• **TASK DETAILS**: After locating the line with "with 2 show" in the data that follows, return it and every later line exactly, up to and including the line with "U = (\<lambda>g.".

(Beginning of SUPPLIED MATERIAL)

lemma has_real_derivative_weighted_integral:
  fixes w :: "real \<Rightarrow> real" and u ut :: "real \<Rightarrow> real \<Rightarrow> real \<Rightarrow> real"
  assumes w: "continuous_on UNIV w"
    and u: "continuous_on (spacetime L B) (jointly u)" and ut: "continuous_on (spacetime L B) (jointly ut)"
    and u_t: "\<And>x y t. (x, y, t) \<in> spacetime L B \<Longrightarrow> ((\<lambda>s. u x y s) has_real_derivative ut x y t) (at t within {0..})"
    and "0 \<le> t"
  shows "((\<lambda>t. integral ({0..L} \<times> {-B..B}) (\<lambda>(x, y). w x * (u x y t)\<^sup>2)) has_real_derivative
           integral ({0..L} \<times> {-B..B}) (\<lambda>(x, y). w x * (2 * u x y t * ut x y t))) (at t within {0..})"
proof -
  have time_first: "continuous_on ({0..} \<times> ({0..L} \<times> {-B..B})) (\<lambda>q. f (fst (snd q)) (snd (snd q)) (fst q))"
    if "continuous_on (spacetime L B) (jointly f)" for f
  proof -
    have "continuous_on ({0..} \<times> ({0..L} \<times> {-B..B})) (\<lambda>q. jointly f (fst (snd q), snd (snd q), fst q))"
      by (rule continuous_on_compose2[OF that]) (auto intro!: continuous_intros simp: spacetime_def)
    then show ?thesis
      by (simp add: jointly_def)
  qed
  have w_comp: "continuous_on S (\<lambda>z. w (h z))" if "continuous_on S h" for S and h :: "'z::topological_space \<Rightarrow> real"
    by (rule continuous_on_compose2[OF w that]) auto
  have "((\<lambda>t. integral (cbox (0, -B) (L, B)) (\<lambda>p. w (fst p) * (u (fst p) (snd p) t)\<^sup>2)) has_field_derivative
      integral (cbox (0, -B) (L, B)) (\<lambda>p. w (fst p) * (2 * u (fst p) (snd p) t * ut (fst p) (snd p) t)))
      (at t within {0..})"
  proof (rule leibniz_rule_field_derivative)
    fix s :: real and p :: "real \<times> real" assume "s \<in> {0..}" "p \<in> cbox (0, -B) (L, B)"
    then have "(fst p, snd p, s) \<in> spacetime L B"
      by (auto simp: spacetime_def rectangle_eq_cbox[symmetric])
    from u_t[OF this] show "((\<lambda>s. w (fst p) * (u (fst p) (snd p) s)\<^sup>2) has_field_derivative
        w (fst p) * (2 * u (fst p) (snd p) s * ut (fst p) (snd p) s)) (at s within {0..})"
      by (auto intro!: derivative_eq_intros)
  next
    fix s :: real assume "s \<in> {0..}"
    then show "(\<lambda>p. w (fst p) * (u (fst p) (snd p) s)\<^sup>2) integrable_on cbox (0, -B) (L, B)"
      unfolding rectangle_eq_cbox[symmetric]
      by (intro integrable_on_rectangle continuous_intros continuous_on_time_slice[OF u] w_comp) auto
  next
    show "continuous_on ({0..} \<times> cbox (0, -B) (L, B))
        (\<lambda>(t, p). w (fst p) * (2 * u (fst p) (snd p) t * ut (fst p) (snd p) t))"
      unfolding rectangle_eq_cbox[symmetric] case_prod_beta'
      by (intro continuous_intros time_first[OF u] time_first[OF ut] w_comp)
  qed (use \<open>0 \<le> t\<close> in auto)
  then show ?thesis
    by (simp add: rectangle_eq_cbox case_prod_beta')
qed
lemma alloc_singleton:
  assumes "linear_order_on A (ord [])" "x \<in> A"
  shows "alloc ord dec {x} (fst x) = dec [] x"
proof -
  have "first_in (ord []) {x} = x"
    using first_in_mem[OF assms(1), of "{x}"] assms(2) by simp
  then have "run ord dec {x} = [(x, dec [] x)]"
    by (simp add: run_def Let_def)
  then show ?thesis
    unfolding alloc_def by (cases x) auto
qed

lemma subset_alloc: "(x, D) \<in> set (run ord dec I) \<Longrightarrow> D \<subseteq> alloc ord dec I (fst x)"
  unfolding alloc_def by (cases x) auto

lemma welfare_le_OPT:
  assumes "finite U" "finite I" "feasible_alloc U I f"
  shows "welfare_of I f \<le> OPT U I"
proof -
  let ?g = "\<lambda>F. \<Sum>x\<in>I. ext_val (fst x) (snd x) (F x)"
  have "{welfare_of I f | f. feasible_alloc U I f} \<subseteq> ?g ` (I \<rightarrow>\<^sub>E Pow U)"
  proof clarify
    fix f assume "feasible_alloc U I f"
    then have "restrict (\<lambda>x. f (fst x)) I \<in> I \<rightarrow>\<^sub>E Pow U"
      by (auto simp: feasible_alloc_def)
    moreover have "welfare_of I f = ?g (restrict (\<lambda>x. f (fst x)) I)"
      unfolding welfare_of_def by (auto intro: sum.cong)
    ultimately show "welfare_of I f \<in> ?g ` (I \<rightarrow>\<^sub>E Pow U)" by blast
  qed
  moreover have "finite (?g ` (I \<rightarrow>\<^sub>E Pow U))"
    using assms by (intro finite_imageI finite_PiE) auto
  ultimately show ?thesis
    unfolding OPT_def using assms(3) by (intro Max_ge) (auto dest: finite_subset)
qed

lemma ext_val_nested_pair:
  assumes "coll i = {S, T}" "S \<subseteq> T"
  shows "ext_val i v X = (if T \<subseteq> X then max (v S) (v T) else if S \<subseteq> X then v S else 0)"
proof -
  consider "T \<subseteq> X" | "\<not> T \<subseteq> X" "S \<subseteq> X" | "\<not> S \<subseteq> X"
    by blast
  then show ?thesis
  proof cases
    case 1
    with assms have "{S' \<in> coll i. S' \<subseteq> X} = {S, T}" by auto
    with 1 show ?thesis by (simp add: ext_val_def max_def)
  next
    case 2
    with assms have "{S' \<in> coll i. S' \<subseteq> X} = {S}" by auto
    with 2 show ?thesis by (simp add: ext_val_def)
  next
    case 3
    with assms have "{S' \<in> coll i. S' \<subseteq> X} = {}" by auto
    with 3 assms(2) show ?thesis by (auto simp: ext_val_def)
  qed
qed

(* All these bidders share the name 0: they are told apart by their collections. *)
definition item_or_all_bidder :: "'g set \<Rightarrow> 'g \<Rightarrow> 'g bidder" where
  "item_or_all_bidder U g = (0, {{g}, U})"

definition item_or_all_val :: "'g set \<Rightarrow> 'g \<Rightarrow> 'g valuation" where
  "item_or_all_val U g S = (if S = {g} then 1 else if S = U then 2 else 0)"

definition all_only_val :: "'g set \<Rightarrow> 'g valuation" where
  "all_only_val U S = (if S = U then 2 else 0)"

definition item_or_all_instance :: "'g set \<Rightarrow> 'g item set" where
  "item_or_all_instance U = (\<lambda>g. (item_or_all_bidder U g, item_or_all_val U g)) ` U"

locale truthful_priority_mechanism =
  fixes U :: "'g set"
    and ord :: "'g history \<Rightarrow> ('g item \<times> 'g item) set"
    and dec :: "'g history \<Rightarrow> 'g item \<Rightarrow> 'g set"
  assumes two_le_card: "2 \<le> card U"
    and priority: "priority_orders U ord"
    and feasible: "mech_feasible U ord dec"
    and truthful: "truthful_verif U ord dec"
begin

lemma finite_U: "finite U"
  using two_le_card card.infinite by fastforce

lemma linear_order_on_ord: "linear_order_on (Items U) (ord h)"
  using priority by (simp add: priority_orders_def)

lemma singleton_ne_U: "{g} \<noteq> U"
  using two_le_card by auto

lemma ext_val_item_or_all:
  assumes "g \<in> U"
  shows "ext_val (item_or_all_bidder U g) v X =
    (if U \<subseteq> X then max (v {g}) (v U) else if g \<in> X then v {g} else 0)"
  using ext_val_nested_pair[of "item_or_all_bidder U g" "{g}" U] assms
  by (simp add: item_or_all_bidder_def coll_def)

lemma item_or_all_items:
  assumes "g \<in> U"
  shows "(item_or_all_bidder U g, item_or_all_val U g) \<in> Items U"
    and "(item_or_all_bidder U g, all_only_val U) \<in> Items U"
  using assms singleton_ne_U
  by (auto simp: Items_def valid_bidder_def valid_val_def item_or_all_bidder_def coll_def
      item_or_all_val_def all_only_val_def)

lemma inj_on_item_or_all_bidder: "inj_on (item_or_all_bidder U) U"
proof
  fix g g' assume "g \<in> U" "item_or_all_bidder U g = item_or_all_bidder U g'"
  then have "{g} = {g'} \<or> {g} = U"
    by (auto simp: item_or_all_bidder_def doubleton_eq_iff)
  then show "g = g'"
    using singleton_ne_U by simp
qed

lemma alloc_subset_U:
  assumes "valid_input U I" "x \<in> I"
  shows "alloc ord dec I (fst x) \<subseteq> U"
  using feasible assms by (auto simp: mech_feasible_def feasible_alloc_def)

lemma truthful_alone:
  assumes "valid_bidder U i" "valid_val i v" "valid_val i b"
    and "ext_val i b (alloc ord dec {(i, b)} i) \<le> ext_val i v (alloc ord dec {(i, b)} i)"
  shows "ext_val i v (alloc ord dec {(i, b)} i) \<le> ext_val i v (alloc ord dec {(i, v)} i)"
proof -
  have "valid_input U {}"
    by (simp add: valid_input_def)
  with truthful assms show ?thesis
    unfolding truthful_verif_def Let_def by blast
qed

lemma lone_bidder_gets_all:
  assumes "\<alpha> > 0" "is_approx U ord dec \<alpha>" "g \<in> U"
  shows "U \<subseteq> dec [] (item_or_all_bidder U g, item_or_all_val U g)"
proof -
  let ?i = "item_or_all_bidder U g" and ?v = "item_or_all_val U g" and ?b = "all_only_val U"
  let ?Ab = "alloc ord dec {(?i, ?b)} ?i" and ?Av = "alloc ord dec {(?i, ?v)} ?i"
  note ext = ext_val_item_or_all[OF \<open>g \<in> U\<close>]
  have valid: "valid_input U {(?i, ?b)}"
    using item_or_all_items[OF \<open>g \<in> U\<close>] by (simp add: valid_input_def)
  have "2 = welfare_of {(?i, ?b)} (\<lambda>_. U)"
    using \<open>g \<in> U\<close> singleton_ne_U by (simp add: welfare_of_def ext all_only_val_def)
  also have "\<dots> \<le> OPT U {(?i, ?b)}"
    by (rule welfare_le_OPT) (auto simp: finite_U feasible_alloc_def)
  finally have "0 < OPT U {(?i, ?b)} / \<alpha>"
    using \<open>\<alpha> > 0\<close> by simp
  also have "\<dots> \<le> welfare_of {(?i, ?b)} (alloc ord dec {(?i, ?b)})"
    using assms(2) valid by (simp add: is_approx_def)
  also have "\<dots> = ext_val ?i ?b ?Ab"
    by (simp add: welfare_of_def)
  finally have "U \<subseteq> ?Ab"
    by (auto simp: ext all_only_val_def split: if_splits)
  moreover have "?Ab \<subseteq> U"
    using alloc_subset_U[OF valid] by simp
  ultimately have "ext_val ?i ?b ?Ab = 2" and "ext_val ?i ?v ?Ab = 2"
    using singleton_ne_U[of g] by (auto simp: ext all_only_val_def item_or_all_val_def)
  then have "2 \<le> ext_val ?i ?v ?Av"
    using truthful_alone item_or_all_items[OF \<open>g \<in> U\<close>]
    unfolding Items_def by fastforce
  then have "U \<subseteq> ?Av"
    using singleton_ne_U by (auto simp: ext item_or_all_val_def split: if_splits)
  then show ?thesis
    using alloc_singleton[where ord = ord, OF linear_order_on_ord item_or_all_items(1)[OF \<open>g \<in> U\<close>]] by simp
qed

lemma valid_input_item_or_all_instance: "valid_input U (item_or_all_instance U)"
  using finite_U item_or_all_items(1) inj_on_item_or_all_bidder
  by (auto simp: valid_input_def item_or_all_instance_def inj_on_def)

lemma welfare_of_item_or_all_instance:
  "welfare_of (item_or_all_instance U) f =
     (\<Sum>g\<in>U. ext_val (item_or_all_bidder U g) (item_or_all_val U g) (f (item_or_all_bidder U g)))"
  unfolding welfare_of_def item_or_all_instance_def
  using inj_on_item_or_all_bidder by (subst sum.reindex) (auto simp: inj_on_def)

(End of SUPPLIED MATERIAL)

• **EXERCISE RESPONSE**:
    with 2 show ?thesis by (simp add: ext_val_def)
  next
    case 3
    with assms have "{S' \<in> coll i. S' \<subseteq> X} = {}" by auto
    with 3 assms(2) show ?thesis by (auto simp: ext_val_def)
  qed
qed

(* All these bidders share the name 0: they are told apart by their collections. *)
definition item_or_all_bidder :: "'g set \<Rightarrow> 'g \<Rightarrow> 'g bidder" where
  "item_or_all_bidder U g = (0, {{g}, U})"

definition item_or_all_val :: "'g set \<Rightarrow> 'g \<Rightarrow> 'g valuation" where
  "item_or_all_val U g S = (if S = {g} then 1 else if S = U then 2 else 0)"

definition all_only_val :: "'g set \<Rightarrow> 'g valuation" where
  "all_only_val U S = (if S = U then 2 else 0)"

definition item_or_all_instance :: "'g set \<Rightarrow> 'g item set" where
  "item_or_all_instance U = (\<lambda>g. (item_or_all_bidder U g, item_or_all_val U g)) ` U"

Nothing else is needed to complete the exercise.